Reducing uncertainty in equilibrium climate sensitivity, commonly defined as the surface temperature response to an instantaneous doubling of atmospheric CO2 concentrations, has been an abiding goal of the climate science community for the past decades. The range of plausible climate sensitivities, derived from ever improving generations of GCMs, however, remains essentially unchanged.

Here we present a new approach to multi-model uncertainty quantification (UQ) using a reduced-form simple climate model, tuned to reproduce relevant physics of different global climate models (GCMs).

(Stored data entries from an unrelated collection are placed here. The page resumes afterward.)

lemma cofactor_eq_path_prod_det_submatrix:
  fixes A :: "'a::comm_ring_1 mat" and \<pi> :: "nat list"
  assumes A: "A \<in> carrier_mat n n"
    and \<pi>: "distinct \<pi>" "\<pi> \<noteq> []" "set \<pi> \<subseteq> {0..<n}"
    and forced: "\<And>p i. p permutes {0..<n} \<Longrightarrow> p (hd \<pi>) = last \<pi>
      \<Longrightarrow> (\<Prod>k\<in>{0..<n}-{hd \<pi>}. A $$ (k, p k)) \<noteq> 0 \<Longrightarrow> Suc i < length \<pi>
      \<Longrightarrow> p (\<pi> ! Suc i) = \<pi> ! i"
  shows "cofactor A (hd \<pi>) (last \<pi>)
    = (\<Prod>i<length \<pi> - 1. - A $$ (\<pi> ! Suc i, \<pi> ! i))
      * det (submatrix A ({0..<n} - set \<pi>) ({0..<n} - set \<pi>))"
proof -
  define c t S' where "c = hd \<pi>" and "t = last \<pi>" and "S' = {0..<n} - set \<pi>"
  define P where "P = (\<Prod>i<length \<pi> - 1. - A $$ (\<pi> ! Suc i, \<pi> ! i))"
  define \<sigma> where "\<sigma> = cycle_of_list (rev \<pi>)"
  define F where "F p = signof p * (\<Prod>k\<in>{0..<n}-{c}. A $$ (k, p k))" for p
  have \<sigma>: "\<sigma> permutes set \<pi>" unfolding \<sigma>_def using cycle_permutes[of "rev \<pi>"] by simp
  have \<sigma>c: "\<sigma> c = t" unfolding \<sigma>_def c_def t_def using \<pi>(1,2) by (rule cycle_of_list_rev_hd)
  have ct: "c \<in> set \<pi>" "t \<in> set \<pi>" using \<pi>(2) by (simp_all add: c_def t_def)
  have "cofactor A c t = (\<Sum>p | p permutes {0..<n} \<and> p c = t. F p)"
    unfolding F_def using \<pi>(3) ct by (intro cofactor_eq_sum_permutes[OF A]) auto
  also have "\<dots> = (\<Sum>p | p permutes {0..<n} \<and> (\<forall>x\<in>set \<pi>. p x = \<sigma> x). F p)"
  proof (rule sum.mono_neutral_right)
    show "finite {p. p permutes {0..<n} \<and> p c = t}"
      by (rule finite_subset[OF _ finite_permutations[of "{0..<n}"]]) auto
    show "{p. p permutes {0..<n} \<and> (\<forall>x\<in>set \<pi>. p x = \<sigma> x)} \<subseteq> {p. p permutes {0..<n} \<and> p c = t}"
      using ct \<sigma>c by auto
    show "\<forall>p \<in> {p. p permutes {0..<n} \<and> p c = t} - {p. p permutes {0..<n} \<and> (\<forall>x\<in>set \<pi>. p x = \<sigma> x)}.
        F p = 0"
    proof
      fix p
      assume "p \<in> {p. p permutes {0..<n} \<and> p c = t} - {p. p permutes {0..<n} \<and> (\<forall>x\<in>set \<pi>. p x = \<sigma> x)}"
      then have p: "p permutes {0..<n}" "p c = t" and not_\<sigma>: "\<exists>x\<in>set \<pi>. p x \<noteq> \<sigma> x" by auto
      show "F p = 0"
      proof (rule ccontr)
        assume "F p \<noteq> 0"
        then have "(\<Prod>k\<in>{0..<n}-{c}. A $$ (k, p k)) \<noteq> 0" by (auto simp: F_def)
        then have "\<And>i. Suc i < length \<pi> \<Longrightarrow> p (\<pi> ! Suc i) = \<pi> ! i"
          using forced[OF p(1)] p(2) by (simp add: c_def t_def)
        then have "p x = \<sigma> x" if "x \<in> set \<pi>" for x
          unfolding \<sigma>_def using \<pi>(1,2) p(2) that
          by (intro eq_cycle_of_list_rev_on_set) (simp_all add: c_def t_def)
        with not_\<sigma> show False by blast
      qed
    qed
  qed
  also have "\<dots> = (\<Sum>q | q permutes S'. F (q \<circ> \<sigma>))"
    unfolding S'_def
    by (rule sum.reindex_bij_betw[OF bij_betw_compose_permutes_agreeing[OF \<sigma> \<pi>(3)], symmetric])
  also have "\<dots> = (\<Sum>q | q permutes S'. P * (signof q * (\<Prod>k\<in>S'. A $$ (k, q k))))"
  proof (rule sum.cong[OF refl])
    fix q assume "q \<in> {q. q permutes S'}"
    then show "F (q \<circ> \<sigma>) = P * (signof q * (\<Prod>k\<in>S'. A $$ (k, q k)))"
      using signof_mult_prod_comp_cycle_of_list_rev[OF finite_atLeastLessThan \<pi>, of q "\<lambda>k l. A $$ (k, l)"]
      by (simp add: F_def P_def \<sigma>_def c_def S'_def)
  qed
  also have "\<dots> = P * det (submatrix A S' S')"
    using \<pi>(3) by (simp add: sum_distrib_left det_submatrix_eq_sum_permutes[OF A] S'_def)
  finally show ?thesis by (simp add: c_def t_def S'_def P_def)
qed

Rather than focusing on the discrete projections made by individual GCMs, our simple model allows us to smoothly interpolate between the dynamics of the multi-model ensemble by forming a continuous probability distribution over a reduced model parameter space.

We will discuss an early version of the simple model, an idealized ocean-atmosphere energy balance model (EBM). The EBM is fit to surface temperature, ocean heat content and top-of-atmosphere radiative fluxes of GCMs participating in the Coupled Model Intercomparison Project version 5 by varying several parameters, including climate sensitivity and feedback. We obtain distributions of these parameters and update the uncertainties associated with them using observations of surface temperature, ocean heat uptake and top-of-atmosphere radiative flux in a Bayesian inference framework.